Irã propõe controle ampliado em Ormuz para reabrir rota estratégica, Omã rejeita plano iraniano
Irã apresenta plano ousado para o Estreito de Ormuz com maior controle de rotas, gerando tensão com Omã
O Irã propôs a Omã um acordo temporário para a reabertura do Estreito de Ormuz, que visa reorganizar as rotas de navegação na região estratégica.
A iniciativa surge em um momento de elevadas tensões no Oriente Médio e busca intensificar a influência iraniana sobre o fluxo marítimo global.
A proposta, detalhada pelo vice-ministro das Relações Exteriores, Kazem Gharibabadi, foi divulgada pelo BM&C NEWS.
Plano prevê tráfego sob águas iranianas com controle ampliado
De acordo com a proposta iraniana, um dos sentidos do tráfego marítimo passaria a ser operado por águas sob jurisdição do Irã.
Parte da rota oposta também ficaria sob o controle de Teerã, **ampliando significativamente a influência iraniana** sobre uma das vias mais importantes do mundo para o transporte de petróleo e gás.
Teerã rejeita divisão igualitária e ameaça manter estreito fechado
O governo iraniano **descartou uma contraproposta de Omã** que sugeria uma divisão equilibrada das rotas entre os dois países.

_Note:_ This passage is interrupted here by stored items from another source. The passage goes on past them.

lemma finite_Dr_weight_ge:
  fixes r \<delta> :: real
  assumes "0 < r" "r < 1" "\<delta> > 0"
  shows "finite {m. \<delta> \<le> r ^ weight m}"
proof -
  have "(\<lambda>n. r ^ n) \<longlonglongrightarrow> 0"
    using assms by (intro LIMSEQ_power_zero) simp
  then have "eventually (\<lambda>n. r ^ n < \<delta>) sequentially"
    using assms(3) by (rule order_tendstoD)
  then obtain K where K: "r ^ K < \<delta>"
    by (auto simp: eventually_sequentially)
  have "{m. \<delta> \<le> r ^ weight m} \<subseteq> {m. weight m \<le> K}"
  proof (clarsimp, rule ccontr)
    fix m assume "\<delta> \<le> r ^ weight m" "\<not> weight m \<le> K"
    then have "r ^ weight m \<le> r ^ K"
      using assms by (intro power_decreasing) auto
    then show False
      using K \<open>\<delta> \<le> r ^ weight m\<close> by linarith
  qed
  then show ?thesis
    using finite_weight_le by (rule finite_subset)
qed

section \<open>Compactness of small multipliers\<close>

text \<open>A bounded sequence in \<open>\<ell>\<^sup>2\<close> lies in a product of discs, which is compact by Tychonoff.\<close>

lemma pointwise_convergent_subseq:
  fixes u :: "nat \<Rightarrow> nat \<Rightarrow> complex"
  assumes "\<And>k. square_summable (u k)" "\<And>k. sqnorm (u k) \<le> B"
  obtains s v where "strict_mono s" "\<And>m. (\<lambda>k. u (s k) m) \<longlonglongrightarrow> v m"
    "square_summable v" "sqnorm v \<le> B"
proof -
  have bounded: "cmod (u k m) \<le> sqrt B" for k m
  proof -
    have "(cmod (u k m))\<^sup>2 \<le> B"
      using sum_le_sqnorm[OF assms(1), of "{m}" k] assms(2)[of k] by simp
    then show ?thesis
      by (rule real_le_rsqrt)
  qed
  define K where "K = PiE (UNIV :: nat set) (\<lambda>_. cball (0::complex) (sqrt B))"
  have "compactin (product_topology (\<lambda>_. euclidean) UNIV) K"
    unfolding K_def by (subst compactin_PiE) auto
  then have "compact K"
    by (simp add: euclidean_product_topology)
  then have "seq_compact K"
    by (rule compact_imp_seq_compact)
  moreover have "\<forall>k. u k \<in> K"
    using bounded unfolding K_def by auto
  ultimately obtain v s where s: "strict_mono (s :: nat \<Rightarrow> nat)" and lim: "(u \<circ> s) \<longlonglongrightarrow> v"
    by (blast elim: seq_compactE)
  have pointwise: "(\<lambda>k. u (s k) m) \<longlonglongrightarrow> v m" for m
    using continuous_on_tendsto_compose[OF continuous_on_product_coordinates[of m] lim]
    by (simp add: o_def)
  have partial_sums: "(\<Sum>m\<in>F. (cmod (v m))\<^sup>2) \<le> B" if "finite F" for F
  proof (rule LIMSEQ_le_const2)
    show "(\<lambda>k. \<Sum>m\<in>F. (cmod (u (s k) m))\<^sup>2) \<longlonglongrightarrow> (\<Sum>m\<in>F. (cmod (v m))\<^sup>2)"
      by (intro tendsto_intros pointwise)
    show "\<exists>N. \<forall>k\<ge>N. (\<Sum>m\<in>F. (cmod (u (s k) m))\<^sup>2) \<le> B"
      using sum_le_sqnorm[OF assms(1) that] assms(2) order_trans by blast
  qed
  show ?thesis
    by (rule that[OF s pointwise sqnorm_le_if_partial_sums_le[OF partial_sums]])
qed

lemma sqnorm_multiplier_le:
  fixes w :: "nat \<Rightarrow> complex"
  assumes w_le: "\<And>m. cmod (w m) \<le> 1" and "\<delta> \<ge> 0" and fin: "finite {m. \<delta> \<le> cmod (w m)}"
    and d: "square_summable d"
  shows "sqnorm (\<lambda>m. w m * d m) \<le> (\<Sum>m | \<delta> \<le> cmod (w m). (cmod (d m))\<^sup>2) + \<delta> * sqnorm d"
proof -
  define F where "F = {m. \<delta> \<le> cmod (w m)}"
  define e where "e = (\<lambda>m. if m \<in> F then d m else 0)"
  have e: "square_summable e" "sqnorm e = (\<Sum>m\<in>F. (cmod (d m))\<^sup>2)"
    using sqnorm_finite_support[OF fin, of e] by (simp_all add: e_def F_def)
  have "(cmod (w m * d m))\<^sup>2 \<le> 1 * (cmod (e m))\<^sup>2 + \<delta> * (cmod (d m))\<^sup>2" for m
  proof (cases "m \<in> F")
    case True
    then show ?thesis
      using w_le[of m] \<open>\<delta> \<ge> 0\<close>
      by (simp add: e_def norm_mult power_mult_distrib power_le_one mult_left_le_one_le
          add_increasing2)
  next
    case False
    have "(cmod (w m))\<^sup>2 \<le> cmod (w m)"
      using w_le[of m] by (simp add: power2_eq_square mult_left_le_one_le)
    then have "(cmod (w m))\<^sup>2 \<le> \<delta>"
      using False by (simp add: F_def)
    then show ?thesis
      using False by (simp add: e_def norm_mult power_mult_distrib mult_right_mono)
  qed
  then have "sqnorm (\<lambda>m. w m * d m) \<le> 1 * sqnorm e + \<delta> * sqnorm d"
    using \<open>\<delta> \<ge> 0\<close> by (intro sqnorm_le_lincomb(2)[OF e(1) d]) auto
  then show ?thesis
    using e(2) by (simp add: F_def)
qed

text \<open>On the finite set where the multiplier is at least \<open>\<delta>\<close> pointwise convergence suffices,
  and outside it the multiplier contributes at most \<open>\<delta>\<close> times the bound.\<close>

lemma sqnorm_multiplier_tendsto_zero:
  fixes w :: "nat \<Rightarrow> complex" and d :: "nat \<Rightarrow> nat \<Rightarrow> complex"
  assumes w_le: "\<And>m. cmod (w m) \<le> 1"
    and w_small: "\<And>\<delta>. \<delta> > 0 \<Longrightarrow> finite {m. \<delta> \<le> cmod (w m)}"
    and d: "\<And>k. square_summable (d k)" "\<And>k. sqnorm (d k) \<le> B"
    and pointwise: "\<And>m. (\<lambda>k. d k m) \<longlonglongrightarrow> 0"
  shows "(\<lambda>k. sqnorm (\<lambda>m. w m * d k m)) \<longlonglongrightarrow> 0"
proof (rule tendstoI)
  fix \<epsilon> :: real assume "\<epsilon> > 0"
  have "B \<ge> 0"
    using d(2)[of 0] sqnorm_nonneg[of "d 0"] by linarith
  define \<delta> where "\<delta> = \<epsilon> / (2 * B + 2)"
  have "\<delta> > 0" "\<delta> * B < \<epsilon> / 2"
    using \<open>\<epsilon> > 0\<close> \<open>B \<ge> 0\<close> by (auto simp: \<delta>_def field_simps)
  define F where "F = {m. \<delta> \<le> cmod (w m)}"
  have le: "sqnorm (\<lambda>m. w m * d k m) \<le> (\<Sum>m\<in>F. (cmod (d k m))\<^sup>2) + \<delta> * B" for k
  proof -
    have "\<delta> * sqnorm (d k) \<le> \<delta> * B"
      using \<open>\<delta> > 0\<close> d(2) by simp
    then show ?thesis
      unfolding F_def using sqnorm_multiplier_le[OF w_le _ w_small d(1), of \<delta> k] \<open>\<delta> > 0\<close>
      by linarith
  qed
  have "(\<lambda>k. \<Sum>m\<in>F. (cmod (d k m))\<^sup>2) \<longlonglongrightarrow> (\<Sum>m\<in>F. (cmod 0)\<^sup>2)"
    by (intro tendsto_intros pointwise)
  then have "eventually (\<lambda>k. (\<Sum>m\<in>F. (cmod (d k m))\<^sup>2) < \<epsilon> / 2) sequentially"
    using \<open>\<epsilon> > 0\<close> by (intro order_tendstoD) auto
  then show "eventually (\<lambda>k. dist (sqnorm (\<lambda>m. w m * d k m)) 0 < \<epsilon>) sequentially"
  proof eventually_elim
    case (elim k)
    then show ?case
      using le[of k] \<open>\<delta> * B < \<epsilon> / 2\<close> sqnorm_nonneg[of "\<lambda>m. w m * d k m"]
      by (simp add: dist_real_def)
  qed
qed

Segundo Gharibabadi, o modelo omanita não atenderia às preocupações de segurança do Irã, especialmente diante da falta de estabilidade duradoura na região.
O Irã afirmou que, caso sua proposta não seja aceita, o Estreito de Ormuz poderá **permanecer fechado**, reiterando que Teerã não reconhece a rota ao longo da costa de Omã, o que intensifica a disputa pelo controle da navegação.

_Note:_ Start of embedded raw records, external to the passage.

section \<open>Upper-\<open>C\<^sup>2\<close> functions\<close>

text \<open>Concavity along the chord gives \<open>h (x + t d) - h x \<ge> t (h y - h x)\<close> for \<open>d = y - x\<close>, while
  concavity at the midpoint of \<open>x \<plusminus> t d\<close> together with the Frechet lower bound at \<open>x - t d\<close> gives
  \<open>h (x + t d) - h x \<le> t (u \<bullet> d) + o(t)\<close>.\<close>
lemma concave_on_frechet_subdiff_le:
  fixes h :: "'a::euclidean_space \<Rightarrow> real"
  assumes conc: "concave_on B h" and B: "open B" and x: "x \<in> B" and y: "y \<in> B"
    and u: "u \<in> frechet_subdiff h x"
  shows "h y \<le> h x + u \<bullet> (y - x)"
proof -
  define d where "d = y - x"
  have d1: "norm d + 1 > 0" using norm_ge_zero[of d] by linarith
  have "h y - h x \<le> u \<bullet> d + e" if "e > 0" for e
  proof -
    define e' where "e' = e / (norm d + 1)"
    have e': "e' > 0" "e' * norm d \<le> e"
      using \<open>e > 0\<close> d1 by (simp_all add: e'_def field_simps)
    obtain \<delta> where "\<delta> > 0" and frechet: "\<And>z. z \<in> ball x \<delta> \<Longrightarrow> h z \<ge> h x + u \<bullet> (z - x) - e' * norm (z - x)"
      using u e' unfolding frechet_subdiff_def by blast
    obtain r where "r > 0" "ball x r \<subseteq> B" using B x open_contains_ball by blast
    define \<epsilon> where "\<epsilon> = min \<delta> r"
    define t where "t = min 1 (\<epsilon> / (2 * (norm d + 1)))"
    have "\<epsilon> > 0" using \<open>\<delta> > 0\<close> \<open>r > 0\<close> by (simp add: \<epsilon>_def)
    then have t: "0 < t" "t \<le> 1" using d1 by (simp_all add: t_def)
    have "t * norm d \<le> \<epsilon> / (2 * (norm d + 1)) * norm d"
      by (intro mult_right_mono) (auto simp: t_def)
    also have "\<dots> < \<epsilon>" using \<open>\<epsilon> > 0\<close> d1 by (simp add: field_simps add_nonneg_pos)
    finally have small: "norm (t *\<^sub>R d) < \<epsilon>" using t by simp
    then have plus: "x + t *\<^sub>R d \<in> B" and minus: "x - t *\<^sub>R d \<in> B" "x - t *\<^sub>R d \<in> ball x \<delta>"
      using \<open>ball x r \<subseteq> B\<close> by (auto simp: \<epsilon>_def dist_norm)
    have chord: "(1 - t) * h x + t * h y \<le> h (x + t *\<^sub>R d)"
      using concave_onD[OF conc, of t x y] t x y by (simp add: d_def algebra_simps)
    have midpoint_eq: "(1/2) *\<^sub>R (x + t *\<^sub>R d) + (1/2) *\<^sub>R (x - t *\<^sub>R d) = x"
      by (simp add: scaleR_add_right scaleR_diff_right) (simp flip: scaleR_add_left)
    have midpoint: "(1/2) * h (x + t *\<^sub>R d) + (1/2) * h (x - t *\<^sub>R d) \<le> h x"
      using concave_onD[OF conc, of "1/2" "x + t *\<^sub>R d" "x - t *\<^sub>R d"] plus minus
      by (simp add: midpoint_eq)
    have "h (x - t *\<^sub>R d) \<ge> h x - t * (u \<bullet> d) - e' * (t * norm d)"
      using frechet[OF minus(2)] t by simp
    then have "t * (h y - h x) \<le> t * (u \<bullet> d) + e' * norm d * t"
      using chord midpoint by (simp add: algebra_simps)
    also have "\<dots> \<le> t * (u \<bullet> d + e)" using e' t by (simp add: algebra_simps)
    finally show ?thesis using t by simp
  qed
  then have "h y - h x \<le> u \<bullet> d" by (rule field_le_epsilon)
  then show ?thesis by (simp add: d_def)
qed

Impacto global monitorado de perto por investidores
O Estreito de Ormuz é fundamental para o **comércio energético global**, e qualquer interrupção ou alteração em seu funcionamento pode gerar **volatilidade nos mercados internacionais**.
Investidores e analistas acompanham atentamente o desenrolar das negociações, cientes dos potenciais impactos sobre os preços das commodities e as cadeias de suprimento globais.